Research platform for language model experimentation on Apple Silicon

These details have not been verified by PyPI

Project description

lmxlab

A research platform for language model experimentation on Apple Silicon.

Why lmxlab?

Most transformer implementations optimize for production at the cost of readability. lmxlab takes the opposite approach: every layer is implemented from scratch in MLX, with clarity that lets you quickly iterate on ideas and understand what each component does.

The core insight is that GPT, LLaMA, DeepSeek, Mamba, and dozens of other architectures are not fundamentally different models. They are different configurations of the same building blocks: attention, SSMs, feed-forward networks, normalization, and positional encoding. lmxlab makes this concrete by using config factories instead of class hierarchies.

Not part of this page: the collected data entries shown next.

(* Let $\tau>\frac{3+\sqrt{17}}{2}$. For Lebesgue-almost every $\gamma\in(0,\tfrac12)$ the following holds: for every $\alpha\in D_{\gamma,\tau}$ with convergents $p_n/q_n$, for all sufficiently large even $n$, $$\frac{p_n}{q_n}+\frac{\gamma}{q_n^{\tau+1}}<\frac{p_{n+2}}{q_{n+2}}-\frac{\gamma}{q_{n+2}^{\tau+1}} \iff \frac{p_n}{q_n}+\frac{\gamma}{q_n^{\tau+1}}<\frac{p_{n+2}}{q_{n+2}}-\frac{\gamma}{q_{n+2}^{\tau+1}}-\frac{2\gamma}{q_{n+2}^{\tau-1}}.$$
   Context: For $x\in\mathbb{R}$, $\|x\|:=\min_{p\in\mathbb{Z}}|x-p|$; $\mathbb{N}=\{1,2,\dots\}$. For $\gamma>0,\tau\ge1$, $D_{\gamma,\tau}:=\{\alpha\in(0,1): \|q\alpha\|\ge\gamma/q^\tau\ \forall q\in\mathbb{N}\}$; its elements are irrational. For irrational $\alpha\in(0,1)$ write $\alpha=\cfrac{1}{a_1+\cfrac{1}{a_2+\cdots}}$, and let $p_n/q_n$ ($n\ge0$) be its convergents: $p_{-1}=1,q_{-1}=0,p_0=0,q_0=1$, $p_n=a_np_{n-1}+p_{n-2}$, $q_n=a_nq_{n-1}+q_{n-2}$. *)

theory Defs
  imports "HOL-Analysis.Analysis"
begin

definition dist_int :: "real \<Rightarrow> real" where
  "dist_int x = (INF p::int. \<bar>x - real_of_int p\<bar>)"

definition Dset :: "real \<Rightarrow> real \<Rightarrow> real set" where
  "Dset \<gamma> \<tau> = {\<alpha>. 0 < \<alpha> \<and> \<alpha> < 1 \<and>
      (\<forall>q::nat. q \<ge> 1 \<longrightarrow> dist_int (real q * \<alpha>) \<ge> \<gamma> / real q powr \<tau>)}"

from lmxlab.models.llama import llama_config
from lmxlab.models.deepseek import deepseek_config
from lmxlab.models.base import LanguageModel

# Same LanguageModel class, different configs
llama = LanguageModel(llama_config(d_model=512, n_heads=8, n_kv_heads=4, n_layers=6))
deepseek = LanguageModel(deepseek_config(d_model=512, n_heads=8, n_layers=6, kv_lora_rank=64))

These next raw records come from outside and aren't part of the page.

(* Let $1<p<q<\infty$ and $\alpha>0$. Let $\psi(t)=t^{\frac1p-\frac1q}(1-\log t)^{-\frac{\alpha}{p}}$, $t\in(0,1)$ (a strictly increasing bijection of $(0,1)$ onto itself), and let $\varphi$ be its inverse, so $t=\varphi(t)^{\frac1p-\frac1q}(1-\log\varphi(t))^{-\frac{\alpha}{p}}$. Then, with constants independent of $f$ and $t$, for all $f\in L^{p),\alpha}(\Omega)+L^q(\Omega)$ and all $t\in(0,1)$, $$K\bigl(f,t;L^{p),\alpha},L^q\bigr)\approx\sup_{0<s<\varphi(t)}(1-\log s)^{-\frac{\alpha}{p}}\Bigl(\int_s^{\varphi(t)}f_*^p(x)\,dx\Bigr)^{1/p}+t\Bigl(\int_{\varphi(t)}^1 f_*^q(s)\,ds\Bigr)^{1/q}.$$
   Context: $\Omega\subset\mathbb R^n$ is a bounded open set with $|\Omega|=1$; $f_*$ is the decreasing rearrangement of $|f|$ on $(0,1)$; $\log$ is the natural logarithm. Grand Lebesgue space: $L^{p),\alpha}(\Omega)$ is the set of measurable $f$ with $\|f\|_{p),\alpha}=\sup_{0<t<1}(1-\log t)^{-\alpha/p}(\int_t^1 f_*^p)^{1/p}<\infty$. K-functional: $K(g,t;X_0,X_1)=\inf_{g=g_0+g_1}(\|g_0\|_{X_0}+t\|g_1\|_{X_1})$. $A\approx B$ means $c^{-1}B\le A\le cB$ with $c$ independent of the indicated variables. *)

theory Defs
  imports "HOL-Analysis.Analysis"
begin

definition meas_on :: "'a::euclidean_space set \<Rightarrow> ('a \<Rightarrow> real) \<Rightarrow> bool" where
  "meas_on \<Omega> f \<longleftrightarrow> set_borel_measurable lebesgue \<Omega> f"

definition rearr :: "'a::euclidean_space set \<Rightarrow> ('a \<Rightarrow> real) \<Rightarrow> real \<Rightarrow> real" where
  "rearr \<Omega> f t = Inf {y. 0 \<le> y \<and> emeasure lebesgue {x\<in>\<Omega>. y < \<bar>f x\<bar>} \<le> ennreal t}"

definition gl_fun :: "'a::euclidean_space set \<Rightarrow> real \<Rightarrow> real \<Rightarrow> ('a \<Rightarrow> real) \<Rightarrow> real \<Rightarrow> real" where
  "gl_fun \<Omega> p \<alpha> f t = (1 - ln t) powr (- \<alpha> / p) *
     (LINT x:{t..1}|lborel. rearr \<Omega> f x powr p) powr (1 / p)"

definition gl_norm :: "'a::euclidean_space set \<Rightarrow> real \<Rightarrow> real \<Rightarrow> ('a \<Rightarrow> real) \<Rightarrow> real" where
  "gl_norm \<Omega> p \<alpha> f = (SUP t\<in>{0<..<1}. gl_fun \<Omega> p \<alpha> f t)"

definition GL :: "'a::euclidean_space set \<Rightarrow> real \<Rightarrow> real \<Rightarrow> ('a \<Rightarrow> real) set" where
  "GL \<Omega> p \<alpha> = {f. meas_on \<Omega> f \<and> bdd_above (gl_fun \<Omega> p \<alpha> f ` {0<..<1})}"

definition Lq :: "'a::euclidean_space set \<Rightarrow> real \<Rightarrow> ('a \<Rightarrow> real) set" where
  "Lq \<Omega> q = {f. meas_on \<Omega> f \<and> set_integrable lebesgue \<Omega> (\<lambda>x. \<bar>f x\<bar> powr q)}"

definition Lq_norm :: "'a::euclidean_space set \<Rightarrow> real \<Rightarrow> ('a \<Rightarrow> real) \<Rightarrow> real" where
  "Lq_norm \<Omega> q f = (LINT x:\<Omega>|lebesgue. \<bar>f x\<bar> powr q) powr (1 / q)"

definition decomps :: "'a::euclidean_space set \<Rightarrow> real \<Rightarrow> real \<Rightarrow> real \<Rightarrow> ('a \<Rightarrow> real)
     \<Rightarrow> (('a \<Rightarrow> real) \<times> ('a \<Rightarrow> real)) set" where
  "decomps \<Omega> p \<alpha> q f = {(g0, g1). g0 \<in> GL \<Omega> p \<alpha> \<and> g1 \<in> Lq \<Omega> q \<and> (\<forall>x\<in>\<Omega>. f x = g0 x + g1 x)}"

definition GL_plus_Lq :: "'a::euclidean_space set \<Rightarrow> real \<Rightarrow> real \<Rightarrow> real \<Rightarrow> ('a \<Rightarrow> real) set" where
  "GL_plus_Lq \<Omega> p \<alpha> q = {f. decomps \<Omega> p \<alpha> q f \<noteq> {}}"

definition Kfun :: "'a::euclidean_space set \<Rightarrow> real \<Rightarrow> real \<Rightarrow> real \<Rightarrow> ('a \<Rightarrow> real) \<Rightarrow> real \<Rightarrow> real" where
  "Kfun \<Omega> p \<alpha> q f t = (INF g\<in>decomps \<Omega> p \<alpha> q f. gl_norm \<Omega> p \<alpha> (fst g) + t * Lq_norm \<Omega> q (snd g))"

definition psi :: "real \<Rightarrow> real \<Rightarrow> real \<Rightarrow> real \<Rightarrow> real" where
  "psi p q \<alpha> t = t powr (1/p - 1/q) * (1 - ln t) powr (- \<alpha> / p)"

definition phi :: "real \<Rightarrow> real \<Rightarrow> real \<Rightarrow> real \<Rightarrow> real" where
  "phi p q \<alpha> t = (THE s. s \<in> {0<..<1} \<and> psi p q \<alpha> s = t)"

end

theory Submission
  imports Defs
begin

text \<open>
  Write \<open>v = phi t\<close>, so that \<open>t = psi v\<close>. For the lower bound take any splitting
  \<open>f = g0 + g1\<close>: then \<open>f\<^sub>*(x) \<le> g0\<^sub>*(x/2) + g1\<^sub>*(x/2)\<close>, and Chebyshev's inequality gives
  \<open>g1\<^sub>*(x) \<le> x powr (-1/q) * \<parallel>g1\<parallel>\<^sub>q\<close>. Integrating \<open>f\<^sub>* powr p\<close> over \<open>[s, v]\<close> bounds the
  supremum part by \<open>\<parallel>g0\<parallel> + t \<parallel>g1\<parallel>\<^sub>q\<close>. On \<open>[v, 1]\<close> one writes
  \<open>g0\<^sub>* powr q \<le> g0\<^sub>*(v/2) powr (q-p) * g0\<^sub>* powr p\<close> and uses that \<open>v * g0\<^sub>*(v/2) powr p\<close> is at most a
  multiple of \<open>\<parallel>g0\<parallel> powr p * (1 - ln v) powr \<alpha>\<close>; the definition of \<open>psi\<close> makes the resulting
  powers of \<open>v\<close> and of \<open>1 - ln v\<close> cancel against \<open>t powr q\<close>.

  For the upper bound, truncate \<open>f\<close> at the height \<open>f\<^sub>*(v)\<close>. The truncation lies in \<open>L\<^sup>q\<close>, with
  \<open>q\<close>-th power of its norm at most \<open>v * f\<^sub>*(v) powr q + \<integral>\<^sub>v\<^sup>1 f\<^sub>* powr q\<close>; the excess has a
  rearrangement that is dominated by \<open>f\<^sub>*\<close> and vanishes on \<open>[v, 1]\<close>, so its grand Lebesgue norm
  is at most the supremum part. The leftover term \<open>t * v powr (1/q) * f\<^sub>*(v)\<close> is controlled
  by the supremum part evaluated at \<open>s = v/2\<close>.
\<close>

lemma one_minus_ln_pos: "0 < x \<Longrightarrow> x \<le> 1 \<Longrightarrow> 0 < 1 - ln (x::real)"
  by (smt (verit) ln_le_zero_iff)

No subclassing. No LlamaModel vs DeepSeekModel. One LanguageModel class, assembled from registry components based on what the config asks for.

What's included

24 architectures as config factories: GPT, LLaMA, Gemma, Gemma 3 (sliding window), Qwen, Qwen 3 MoE, Qwen 3.5 (hybrid DeltaNet), Qwen-Next (gated attention), Mixtral (MoE), DeepSeek V2/V3 (MLA + MoE), Nemotron (hybrid Mamba-Transformer MoE), Llama 4 Scout/Maverick (iRoPE + chunked attention), Mistral Small (sliding window), OLMo 2 (QK-norm), GPT-OSS (QK-norm), Grok (SharedExpertMoE), Kimi K2.5 (DeltaNet + MoE), SmolLM3 (iRoPE), Falcon H1 (hybrid Mamba-2), Jamba (Mamba-2 + MoE), Bamba (hybrid Mamba-2), GLM-4.5 (MLA NoPE)
Building blocks: MHA, GQA, MLA, GatedGQA, SlidingWindowGQA, ChunkedGQA, SparseGQA (DSA), Mamba-2 SSD, Mamba-3 (trapezoidal), GatedDeltaNet, MoE, SharedExpertMoE, LatentMoE, QK-norm, SwiGLU, squared ReLU
Compiled training with mx.compile, functional gradients, gradient clipping, cosine schedules, dropout, muP parameterization
Advanced training: DPO, GRPO, multi-token prediction, curriculum learning, knowledge distillation
LoRA & QLoRA: parameter-efficient fine-tuning with optional 4-bit quantization
Inference: autoregressive generation, speculative decoding, best-of-N sampling, beam search, reward model scoring
HuggingFace integration: load pretrained weights from the Hub
Experiment framework: time/FLOP-budgeted runs, MLflow tracking, results logging, hyperparameter sweeps, MLX profiling
35 recipe scripts: training, fine-tuning, DPO, GRPO, MTP, distillation, curriculum learning, DeltaNet hybrid, MoE, best-of-N sampling, evaluation, quantization, callbacks, optimizer comparison, KV cache analysis, experiment sweeps, benchmarking

Quick start

pip install lmxlab

import mlx.core as mx
from lmxlab.models.llama import llama_config
from lmxlab.models.base import LanguageModel
from lmxlab.training.config import TrainConfig
from lmxlab.training.trainer import Trainer

# Build a small LLaMA
config = llama_config(vocab_size=256, d_model=128, n_heads=4, n_kv_heads=2, n_layers=4)
model = LanguageModel(config)
mx.eval(model.parameters())
print(f"Parameters: {model.count_parameters():,}")

# Train
trainer = Trainer(model, TrainConfig(learning_rate=1e-3, max_steps=100))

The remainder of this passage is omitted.